* [What the exercise asks]: Would you transcribe the line that holds "proof eventually_elim", plus every line beneath it through the end of the data, exactly and with nothing added?

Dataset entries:

lemma (in prob_space) AE_LIMSEQ_mean_norm_mult_complex_gaussian:
  fixes f g :: "nat \<Rightarrow> 'a \<Rightarrow> complex"
  assumes indep: "indep_vars (\<lambda>_. borel) (case_sum f g) UNIV"
    and gauss_f: "\<And>n. complex_gaussian M (f n) \<rho>\<^sub>f" and gauss_g: "\<And>n. complex_gaussian M (g n) \<rho>\<^sub>g"
    and "\<rho>\<^sub>f > 0" "\<rho>\<^sub>g > 0"
  shows "AE x in M. (\<lambda>N. (\<Sum>n<N. cmod (f n x) * cmod (g n x)) / real N) \<longlonglongrightarrow> pi / 4 * \<rho>\<^sub>f * \<rho>\<^sub>g"
proof (rule strong_law_nonneg_uncorrelated)
  let ?\<rho> = "case_sum (\<lambda>_. \<rho>\<^sub>f) (\<lambda>_. \<rho>\<^sub>g)"
  have "complex_gaussian M (case_sum f g k) (?\<rho> k)" "?\<rho> k > 0" for k
    using gauss_f gauss_g \<open>\<rho>\<^sub>f > 0\<close> \<open>\<rho>\<^sub>g > 0\<close> by (cases k; simp)+
  note norms = integrable_prod_norm_complex_gaussian[OF indep _ this]
    expectation_prod_norm_complex_gaussian[OF indep _ this]
    integrable_prod_sq_norm_complex_gaussian[OF indep _ this]
    expectation_prod_sq_norm_complex_gaussian[OF indep _ this]
  have mean: "sqrt pi / 2 * \<rho>\<^sub>f * (sqrt pi / 2 * \<rho>\<^sub>g) = pi / 4 * \<rho>\<^sub>f * \<rho>\<^sub>g"
    by (simp add: field_simps)
  note [measurable] = complex_gaussian_measurable[OF gauss_f] complex_gaussian_measurable[OF gauss_g]
  show "(\<lambda>x. cmod (f i x) * cmod (g i x)) \<in> borel_measurable M"
    and "0 \<le> cmod (f i x) * cmod (g i x)" for i x
    by simp_all
  show "integrable M (\<lambda>x. cmod (f i x) * cmod (g i x))"
    and "expectation (\<lambda>x. cmod (f i x) * cmod (g i x)) = pi / 4 * \<rho>\<^sub>f * \<rho>\<^sub>g" for i
    using norms(1,2)[of "{Inl i, Inr i}"] mean by simp_all
  have four: "(\<Prod>k\<in>{Inl i, Inr i, Inl j, Inr j}. cmod (case_sum f g k x))
      = cmod (f i x) * cmod (g i x) * (cmod (f j x) * cmod (g j x))" if "i \<noteq> j" for i j x
    using that by (simp add: mult.assoc)
  have two: "(\<Prod>k\<in>{Inl i, Inr i}. (cmod (case_sum f g k x))\<^sup>2)
      = cmod (f i x) * cmod (g i x) * (cmod (f i x) * cmod (g i x))" for i x
    by (simp add: power2_eq_square mult_ac)
  show "integrable M (\<lambda>x. cmod (f i x) * cmod (g i x) * (cmod (f j x) * cmod (g j x)))" for i j
  proof (cases "i = j")
    case True
    then show ?thesis
      using norms(3)[of "{Inl i, Inr i}", unfolded two] by simp
  next
    case False
    then show ?thesis
      using norms(1)[of "{Inl i, Inr i, Inl j, Inr j}", unfolded four[OF False]] by simp
  qed
  show "expectation (\<lambda>x. cmod (f i x) * cmod (g i x) * (cmod (f j x) * cmod (g j x)))
      = (pi / 4 * \<rho>\<^sub>f * \<rho>\<^sub>g)\<^sup>2" if "i \<noteq> j" for i j
  proof -
    have "(\<Prod>k\<in>{Inl i, Inr i, Inl j, Inr j}. sqrt pi / 2 * ?\<rho> k)
        = (sqrt pi / 2 * \<rho>\<^sub>f * (sqrt pi / 2 * \<rho>\<^sub>g))\<^sup>2"
      using that by (simp add: power2_eq_square)
    also have "\<dots> = (pi / 4 * \<rho>\<^sub>f * \<rho>\<^sub>g)\<^sup>2"
      unfolding mean ..
    finally show ?thesis
      using norms(2)[of "{Inl i, Inr i, Inl j, Inr j}", unfolded four[OF that]] by simp
  qed
  show "expectation (\<lambda>x. cmod (f i x) * cmod (g i x) * (cmod (f i x) * cmod (g i x)))
      \<le> \<rho>\<^sub>f\<^sup>2 * \<rho>\<^sub>g\<^sup>2" for i
    using norms(4)[of "{Inl i, Inr i}", unfolded two] by simp
qed

theorem lemma2:
  fixes M :: "'a measure"
    and f g :: "nat \<Rightarrow> 'a \<Rightarrow> complex"
    and Pbs Pa sigma2 sigmav2 rho_f rho_g :: real
  assumes "prob_space M"
    and "Pbs > 0" and "Pa > 0" and "sigma2 > 0" and "sigmav2 > 0"
    and "rho_f > 0" and "rho_g > 0"
    and indep: "prob_space.indep_vars M (\<lambda>_. borel)
                 (\<lambda>i. case i of Inl n \<Rightarrow> f n | Inr n \<Rightarrow> g n) UNIV"
    and gauss_f: "\<And>n. complex_gaussian M (f n) rho_f"
    and gauss_g: "\<And>n. complex_gaussian M (g n) rho_g"
  shows "AE x in M.
           (\<lambda>N. snr_active Pbs Pa sigma2 sigmav2 (\<lambda>n. f n x) (\<lambda>n. g n x) N / real N)
           \<longlonglongrightarrow> Pbs * Pa * pi\<^sup>2 * rho_f\<^sup>2 * rho_g\<^sup>2
               / (16 * (Pa * sigmav2 * rho_f\<^sup>2 + Pbs * sigma2 * rho_g\<^sup>2 + sigma2 * sigmav2))"
proof -
  interpret prob_space M by fact
  have pos: "Pbs > 0" "Pa > 0" "sigma2 > 0" "sigmav2 > 0" and "rho_f > 0" "rho_g > 0"
    by fact+
  have "AE x in M. (\<lambda>N. (\<Sum>n<N. cmod (f n x) * cmod (g n x)) / real N) \<longlonglongrightarrow> pi / 4 * rho_f * rho_g"
    using AE_LIMSEQ_mean_norm_mult_complex_gaussian[OF indep gauss_f gauss_g] \<open>rho_f > 0\<close> \<open>rho_g > 0\<close>
    by simp
  moreover have "AE x in M. (\<lambda>N. (\<Sum>n<N. (cmod (f n x))\<^sup>2) / real N) \<longlonglongrightarrow> rho_f\<^sup>2"
    using AE_LIMSEQ_mean_sq_norm_complex_gaussian[OF indep, of Inl] gauss_f \<open>rho_f > 0\<close> by simp
  moreover have "AE x in M. (\<lambda>N. (\<Sum>n<N. (cmod (g n x))\<^sup>2) / real N) \<longlonglongrightarrow> rho_g\<^sup>2"
    using AE_LIMSEQ_mean_sq_norm_complex_gaussian[OF indep, of Inr] gauss_g \<open>rho_g > 0\<close> by simp
  ultimately show ?thesis
  proof eventually_elim
    case (elim x)
    have "Pa * Pbs * (pi / 4 * rho_f * rho_g)\<^sup>2
        / (Pa * sigmav2 * rho_f\<^sup>2 + sigma2 * Pbs * rho_g\<^sup>2 + sigma2 * sigmav2)
      = Pbs * Pa * pi\<^sup>2 * rho_f\<^sup>2 * rho_g\<^sup>2
        / (16 * (Pa * sigmav2 * rho_f\<^sup>2 + Pbs * sigma2 * rho_g\<^sup>2 + sigma2 * sigmav2))"
      by (simp add: power_mult_distrib power_divide mult_ac)
    with snr_active_div_tendsto[OF pos elim zero_le_power2 zero_le_power2] show ?case
      by simp
  qed
qed

end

* [Answer for the task]:
  proof eventually_elim
    case (elim x)
    have "Pa * Pbs * (pi / 4 * rho_f * rho_g)\<^sup>2
        / (Pa * sigmav2 * rho_f\<^sup>2 + sigma2 * Pbs * rho_g\<^sup>2 + sigma2 * sigmav2)
      = Pbs * Pa * pi\<^sup>2 * rho_f\<^sup>2 * rho_g\<^sup>2
        / (16 * (Pa * sigmav2 * rho_f\<^sup>2 + Pbs * sigma2 * rho_g\<^sup>2 + sigma2 * sigmav2))"
      by (simp add: power_mult_distrib power_divide mult_ac)
    with snr_active_div_tendsto[OF pos elim zero_le_power2 zero_le_power2] show ?case
      by simp
  qed
qed

end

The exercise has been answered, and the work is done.